The usual response to beggars is to ignore them; if one gave money to every beggar one might quickly be broke. This man was a Muslim, by his clothes and the taqiyah – Islamic cap – he was wearing. He was ignored by the middle class Greek women sitting nearby.

I, too, defaulted to ignoring this man, wondering why a Muslim would be begging in Athens. The man shuffled on, looking dejected, as one might from being brought to begging.

I was processing this and wondering at my growing sense of unease. Greece has fairly strict asylum seeker laws, given the great influx of refugees that have come here in recent years. It has also cut back to almost zero its formal refugee intake, in large part in response to rising political tensions over jobs and its struggling economic circumstances.

There is no financial support for the overwhelming majority of refugees in Greece. In Islam, there is zakat, or obligatory charity, the third of the five pillars of the faith. There is also a wider sense of charity for the poor.

I remembered learning this from my friend Bang (older brother) Nur Djuli, when I was trying to learn about Islam. If one eats when another cannot, he told me, then the food will become stuck in one’s throat. This was a lesson about Islam’s wider sense of charity.

Thinking about this, I reflected on Australia’s refugee policy, its lack of charity and, unlike Greece, its remoteness from the world’s worst trouble spots. Why, this beggar could well have been a refugee from Syria or Iraq, as so many coming to Europe via Greece are.

It seemed, all of a sudden, that it was quite likely that this man, who had now wandered off, was part of the human debris of war. He almost certainly had no income and relied on public charity just to survive. All of a sudden, the food I was eating indeed became stuck in my throat.

I excused myself and went down the street. Given his slow shuffle, the man who had been begging had not gone far. I reached in my pocket and found a coin, one Euro.
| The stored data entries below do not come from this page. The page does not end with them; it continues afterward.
(* Let $n\ge 2$, let $\mathbb{P}\in\mathcal{C}_n$, and let $\mathcal{S}\subset\mathbb{R}_{++}$ be a finite set. Then \[ R_n(\mathbb{P})\ \ge\ R_n\ \ge\ R_n(\mathcal{S}),\qquad\text{where}\quad R_n(\mathcal{S}):=\inf_{g\in\mathcal{G}_n(\mathcal{S})}\ \sup_{x,y\in\mathcal{S}}\big\{\phi^{g}(x,y)\ :\ g(\mathbf{z})=g(\mathbf{z}\pi)\ \text{for all permutations }\pi\text{ of }[n]\text{ and all }\mathbf{z}\in\overline{\mathcal{S}}^n\big\}. \]
   Context: Scheduling on two machines with $n$ tasks. A processing-time matrix is $T=(T_{ij})\in\mathbb{R}_{++}^{2\times n}$. An allocation is $X\in\{0,1\}^{2\times n}$ with $X_{1j}+X_{2j}=1$ for all $j$; makespan $M(X,T)=\max_{i\in\{1,2\}}\sum_j X_{ij}T_{ij}$; $M^*(T)=\min_X M(X,T)$. $\mathcal{P}_n$ is the set of Borel probability measures on $\mathbb{R}^n$ supported in $\mathbb{R}_{++}^n$. For $\mathbb{P}\in\mathcal{P}_n$, algorithm $\mathcal{A}^{\mathbb{P}}$ draws $\mathbf{z}\sim\mathbb{P}$ and sends task $j$ to machine 1 iff $T_{1j}/T_{2j}<z_j$ (else to machine 2). $M(\mathbb{P},T)$ is the expected makespan of this allocation, $R_n(\mathbb{P},T)=M(\mathbb{P},T)/M^*(T)$, $R_n(\mathbb{P})=\sup_{T\in\mathbb{R}_{++}^{2\times n}}R_n(\mathbb{P},T)\in[1,\infty]$, $R_n=\inf_{\mathbb{P}\in\mathcal{P}_n}R_n(\mathbb{P})$. $\mathcal{C}_n$ is the set of $\mathbb{P}\in\mathcal{P}_n$ invariant under coordinate permutations (if $\mathbf{z}\sim\mathbb{P}$ then $\mathbf{z}\pi:=(z_{\pi(1)},\dots,z_{\pi(n)})\sim\mathbb{P}$ for every permutation $\pi$). For $D\subseteq\mathbb{R}$ put $\overline{D}=D\cup\{0\}\cup\{\infty\}$. For $\mathbf{x}\le\mathbf{y}$ (coordinatewise) let $V_{xy}=\{x_1,y_1\}\times\cdots\times\{x_n,y_n\}$ and for $\mathbf{b}\in V_{xy}$ let $\mathrm{sgn}(\mathbf{b})=1$ if $b_i=x_i$ for an even number of indices $i$ and $-1$ otherwise. A function $G$ is $n$-increasing on $\overline{D}^n$ if $\sum_{\mathbf{b}\in V_{xy}}\mathrm{sgn}(\mathbf{b})G(\mathbf{b})\ge0$ for all $\mathbf{x}\le\mathbf{y}$ in $\overline{D}^n$. For $\mathcal{S}\subseteq\mathbb{R}_{++}$, $\mathcal{G}_n(\mathcal{S})$ is the set of functions $g:\overline{\mathcal{S}}^n\to[0,1]$ that are right continuous on $\overline{\mathcal{S}}^n$, $n$-increasing on $\overline{\mathcal{S}}^n$, satisfy $g(\mathbf{z})=0$ whenever some $z_i=0$, and satisfy $g(\infty,\dots,\infty)=1$. For $g\in\mathcal{G}_n(\mathcal{S})$ and $x,y\in\mathcal{S}$, \[ \phi^{g}(x,y)=1+y-\min\{1,1-\tfrac1x+y\}\,g(x,\infty,\dots,\infty)-y\,g(y,\infty,\dots,\infty)+\min\{1+\tfrac1x,1+y\}\,g(x,y,\infty,\dots,\infty). \] *)

theory Defs
  imports "HOL-Probability.Probability"
begin

text \<open>Tasks are indexed by 0..n-1. A processing-time matrix T is given by its two
rows T1, T2 :: nat => real (only entries j < n matter). An allocation X is encoded by
the set A of tasks sent to machine 1 (the others go to machine 2).\<close>

definition pos_times :: "nat \<Rightarrow> (nat \<Rightarrow> real) \<Rightarrow> (nat \<Rightarrow> real) \<Rightarrow> bool" where
  "pos_times n T1 T2 \<longleftrightarrow> (\<forall>j<n. 0 < T1 j \<and> 0 < T2 j)"

definition makespan :: "nat \<Rightarrow> (nat \<Rightarrow> real) \<Rightarrow> (nat \<Rightarrow> real) \<Rightarrow> nat set \<Rightarrow> real" where
  "makespan n T1 T2 A = max (\<Sum>j\<in>A \<inter> {..<n}. T1 j) (\<Sum>j\<in>{..<n} - A. T2 j)"

definition opt_makespan :: "nat \<Rightarrow> (nat \<Rightarrow> real) \<Rightarrow> (nat \<Rightarrow> real) \<Rightarrow> real" where
  "opt_makespan n T1 T2 = Min (makespan n T1 T2 ` Pow {..<n})"

definition alg_alloc :: "nat \<Rightarrow> (nat \<Rightarrow> real) \<Rightarrow> (nat \<Rightarrow> real) \<Rightarrow> (nat \<Rightarrow> real) \<Rightarrow> nat set" where
  "alg_alloc n T1 T2 z = {j\<in>{..<n}. T1 j / T2 j < z j}"

definition exp_makespan :: "nat \<Rightarrow> (nat \<Rightarrow> real) measure \<Rightarrow> (nat \<Rightarrow> real) \<Rightarrow> (nat \<Rightarrow> real) \<Rightarrow> real" where
  "exp_makespan n P T1 T2 = (\<integral>z. makespan n T1 T2 (alg_alloc n T1 T2 z) \<partial>P)"

text \<open>P_n: Borel probability measures on R^n (realised on the extensional function
space over {..<n}) that are concentrated on the positive orthant.\<close>
definition Pn :: "nat \<Rightarrow> (nat \<Rightarrow> real) measure set" where
  "Pn n = {P. sets P = sets (PiM {..<n} (\<lambda>_. borel :: real measure)) \<and> prob_space P
              \<and> (AE z in P. \<forall>j<n. 0 < z j)}"

definition Cn :: "nat \<Rightarrow> (nat \<Rightarrow> real) measure set" where
  "Cn n = {P \<in> Pn n. \<forall>\<pi>. \<pi> permutes {..<n} \<longrightarrow> distr P P (\<lambda>z. z \<circ> \<pi>) = P}"

definition ratio_T :: "nat \<Rightarrow> (nat \<Rightarrow> real) measure \<Rightarrow> (nat \<Rightarrow> real) \<Rightarrow> (nat \<Rightarrow> real) \<Rightarrow> real" where
  "ratio_T n P T1 T2 = exp_makespan n P T1 T2 / opt_makespan n T1 T2"

definition ratio_P :: "nat \<Rightarrow> (nat \<Rightarrow> real) measure \<Rightarrow> ereal" where
  "ratio_P n P = (SUP T \<in> {(T1, T2). pos_times n T1 T2}. ereal (ratio_T n P (fst T) (snd T)))"

definition Rn :: "nat \<Rightarrow> ereal" where
  "Rn n = (INF P \<in> Pn n. ratio_P n P)"

text \<open>Points of the grid (S \<union> {0,\<infinity>})^n are represented as lists of extended reals of length n.\<close>

definition Sbar :: "real set \<Rightarrow> ereal set" where
  "Sbar S = ereal ` S \<union> {0, \<infinity>}"

definition gdom :: "nat \<Rightarrow> real set \<Rightarrow> ereal list set" where
  "gdom n S = {z. length z = n \<and> set z \<subseteq> Sbar S}"

definition right_cont_on_grid :: "nat \<Rightarrow> real set \<Rightarrow> (ereal list \<Rightarrow> real) \<Rightarrow> bool" where
  "right_cont_on_grid n S g \<longleftrightarrow>
     (\<forall>z \<in> gdom n S. \<forall>w :: nat \<Rightarrow> ereal list.
        (\<forall>k. w k \<in> gdom n S \<and> list_all2 (\<le>) z (w k)) \<and> (\<forall>i<n. (\<lambda>k. w k ! i) \<longlonglongrightarrow> z ! i)
        \<longrightarrow> (\<lambda>k. g (w k)) \<longlonglongrightarrow> g z)"

text \<open>n-increasing: the g-volume of every box [x,y] with corners in the grid is
nonnegative; the vertex taking x_i exactly for i in K carries sign (-1)^|K|.\<close>
definition n_increasing_on_grid :: "nat \<Rightarrow> real set \<Rightarrow> (ereal list \<Rightarrow> real) \<Rightarrow> bool" where
  "n_increasing_on_grid n S g \<longleftrightarrow>
     (\<forall>x \<in> gdom n S. \<forall>y \<in> gdom n S. list_all2 (\<le>) x y \<longrightarrow>
        0 \<le> (\<Sum>K \<in> Pow {..<n}. (-1) ^ card K * g (map (\<lambda>i. if i \<in> K then x ! i else y ! i) [0..<n])))"

definition Gn :: "nat \<Rightarrow> real set \<Rightarrow> (ereal list \<Rightarrow> real) set" where
  "Gn n S = {g. (\<forall>z \<in> gdom n S. 0 \<le> g z \<and> g z \<le> 1)
               \<and> right_cont_on_grid n S g
               \<and> n_increasing_on_grid n S g
               \<and> (\<forall>z \<in> gdom n S. (\<exists>i<n. z ! i = 0) \<longrightarrow> g z = 0)
               \<and> g (replicate n \<infinity>) = 1}"

definition symmetric_on_grid :: "nat \<Rightarrow> real set \<Rightarrow> (ereal list \<Rightarrow> real) \<Rightarrow> bool" where
  "symmetric_on_grid n S g \<longleftrightarrow>
     (\<forall>z \<in> gdom n S. \<forall>\<pi>. \<pi> permutes {..<n} \<longrightarrow> g (map (\<lambda>i. z ! \<pi> i) [0..<n]) = g z)"

definition phi :: "nat \<Rightarrow> (ereal list \<Rightarrow> real) \<Rightarrow> real \<Rightarrow> real \<Rightarrow> real" where
  "phi n g x y = 1 + y
      - min 1 (1 - 1 / x + y) * g (ereal x # replicate (n - 1) \<infinity>)
      - y * g (ereal y # replicate (n - 1) \<infinity>)
      + min (1 + 1 / x) (1 + y) * g (ereal x # ereal y # replicate (n - 2) \<infinity>)"

definition Rn_grid :: "nat \<Rightarrow> real set \<Rightarrow> ereal" where
  "Rn_grid n S = (INF g \<in> {g \<in> Gn n S. symmetric_on_grid n S g}.
                    SUP p \<in> S \<times> S. ereal (phi n g (fst p) (snd p)))"

end

theory Submission
  imports Defs
begin

text \<open>Symmetrising the distribution function of any \<open>P \<in> P\<^sub>n\<close> over coordinate
  permutations gives a symmetric \<open>g \<in> G\<^sub>n(S)\<close>. Take an instance with two tasks \<open>a, b\<close> of
  processing times \<open>(1, 1/x)\<close> and \<open>(y, 1)\<close> and all other tasks negligible. Its optimal makespan
  is about 1, while the algorithm's makespan dominates, pointwise in the thresholds \<open>z\<close>, an affine
  combination of the indicators of \<open>z\<^sub>a \<le> x\<close>, \<open>z\<^sub>b \<le> y\<close> and their conjunction.
  Averaging its expectation over the choice of the ordered pair \<open>(a, b)\<close> yields exactly
  \<open>\<phi>\<^sup>g(x, y)\<close>, hence \<open>\<phi>\<^sup>g(x, y) \<le> R\<^sub>n(P)\<close> for all \<open>x, y\<close>.\<close>

abbreviation perms :: "nat \<Rightarrow> (nat \<Rightarrow> nat) set" where
  "perms n \<equiv> {\<pi>. \<pi> permutes {..<n}}"

lemma permutes_lessThan_less: "\<pi> permutes {..<n} \<Longrightarrow> i < n \<Longrightarrow> \<pi> i < n"
  using permutes_in_image[of \<pi> "{..<n}" i] by simp

lemma sum_ge_two_terms:
  fixes f :: "'a \<Rightarrow> real"
  assumes "finite A" "a \<noteq> b" "\<And>j. j \<in> A \<Longrightarrow> 0 \<le> f j"
  shows "f a * of_bool (a \<in> A) + f b * of_bool (b \<in> A) \<le> sum f A"
proof -
  have "f a * of_bool (a \<in> A) + f b * of_bool (b \<in> A) = sum f (A \<inter> {a, b})"
    using assms(2) by (cases "a \<in> A"; cases "b \<in> A") (auto simp: Int_insert_right)
  also have "\<dots> \<le> sum f A"
    using assms by (intro sum_mono2) auto
  finally show ?thesis .
qed

lemma ereal_le_of_le_mult_1_plus:
  fixes a R :: ereal
  assumes "\<And>d. 0 < d \<Longrightarrow> a \<le> R * ereal (1 + d)"
  shows "a \<le> R"
proof (cases R)
  case (real r)
  have "((\<lambda>d. ereal (r * (1 + d))) \<longlongrightarrow> ereal (r * (1 + 0))) (at_right 0)"
    by (intro tendsto_intros)
  moreover have "\<forall>\<^sub>F d in at_right 0. a \<le> ereal (r * (1 + d))"
    using assms by (intro eventually_mono[OF eventually_at_right_less]) (simp add: real)
  ultimately show ?thesis
    using real by (intro tendsto_le[OF _ _ tendsto_const]) auto
next
  case MInf
  then show ?thesis
    using assms[of 1] by simp
qed simp

lemma ereal_mean_le:
  fixes f :: "'a \<Rightarrow> real"
  assumes "finite A" "A \<noteq> {}" "\<And>i. i \<in> A \<Longrightarrow> ereal (f i) \<le> R"
  shows "ereal ((\<Sum>i\<in>A. f i) / card A) \<le> R"
proof (cases R)
  case (real r)
  have "(\<Sum>i\<in>A. f i) \<le> (\<Sum>i\<in>A. r)"
    using assms(3) by (intro sum_mono) (simp add: real)
  then show ?thesis
    using assms(1,2) by (simp add: real divide_le_eq mult.commute)
next
  case MInf
  then show ?thesis
    using assms(2,3) by force
qed simp

lemma Pn_prob_space: "P \<in> Pn n \<Longrightarrow> prob_space P"
  by (simp add: Pn_def)

lemma Pn_component_measurable:
  assumes "P \<in> Pn n" "j < n"
  shows "(\<lambda>z. z j) \<in> borel_measurable P"
proof -
  have "sets P = sets (PiM {..<n} (\<lambda>_. borel :: real measure))"
    using assms(1) by (simp add: Pn_def)
  then have "borel_measurable P = PiM {..<n} (\<lambda>_. borel :: real measure) \<rightarrow>\<^sub>M borel"
    by (rule measurable_cong_sets) simp
  moreover have "(\<lambda>z. z j) \<in> PiM {..<n} (\<lambda>_. borel :: real measure) \<rightarrow>\<^sub>M borel"
    using assms(2) by (intro measurable_component_singleton) simp
  ultimately show ?thesis
    by metis
qed

lemma Pn_integrable_bounded:
  fixes f :: "(nat \<Rightarrow> real) \<Rightarrow> real"
  assumes "P \<in> Pn n" "f \<in> borel_measurable P" "\<And>z. \<bar>f z\<bar> \<le> B"
  shows "integrable P f"
proof -
  interpret prob_space P using Pn_prob_space[OF assms(1)] .
  show ?thesis using assms(2,3) by (intro integrable_const_bound[where B=B]) auto
qed

section \<open>Symmetrised distribution functions\<close>

text \<open>\<open>sym_cdf n P\<close> is the distribution function of the uniform mixture, over all
  permutations \<open>\<pi>\<close>, of the laws of \<open>z \<circ> \<pi>\<close> under \<open>P\<close>.\<close>

definition box_indicator :: "nat \<Rightarrow> (nat \<Rightarrow> nat) \<Rightarrow> ereal list \<Rightarrow> (nat \<Rightarrow> real) \<Rightarrow> real" where
  "box_indicator n \<pi> w z = (\<Prod>i<n. of_bool (ereal (z (\<pi> i)) \<le> w ! i))"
Some people might say why give a beggar anything and others, more unfortunately, might say why give a Muslim anything. Others would probably ask: ‘Why not give him more?’ A Euro is not much. It was just what I had in my pocket.

I touched the man gently on the arm and when he looked around and I handed him the coin. He said something by way of thanks.

Through a range of circumstances more usually attributable to good fortune that we often like to admit, some of us live life much more easily than others. Individually and socially, we choose to respond to that good fortune in various ways.

There are wars and other forms of conflict in this world, usually not the making of those forced to flee them. Many are as horrible as have ever been and drive whole populations to seek refuge.

Greece is genuinely struggling with avoiding economic collapse and its more restrictive policies towards refugees are to a large extent understandable. Australia, by comparison, remains almost unimaginably secure and wealthy.

There is a profound meanness in Australia towards people fleeing for their lives. It leaves me wondering how my own country is able to not choke on its own good fortune.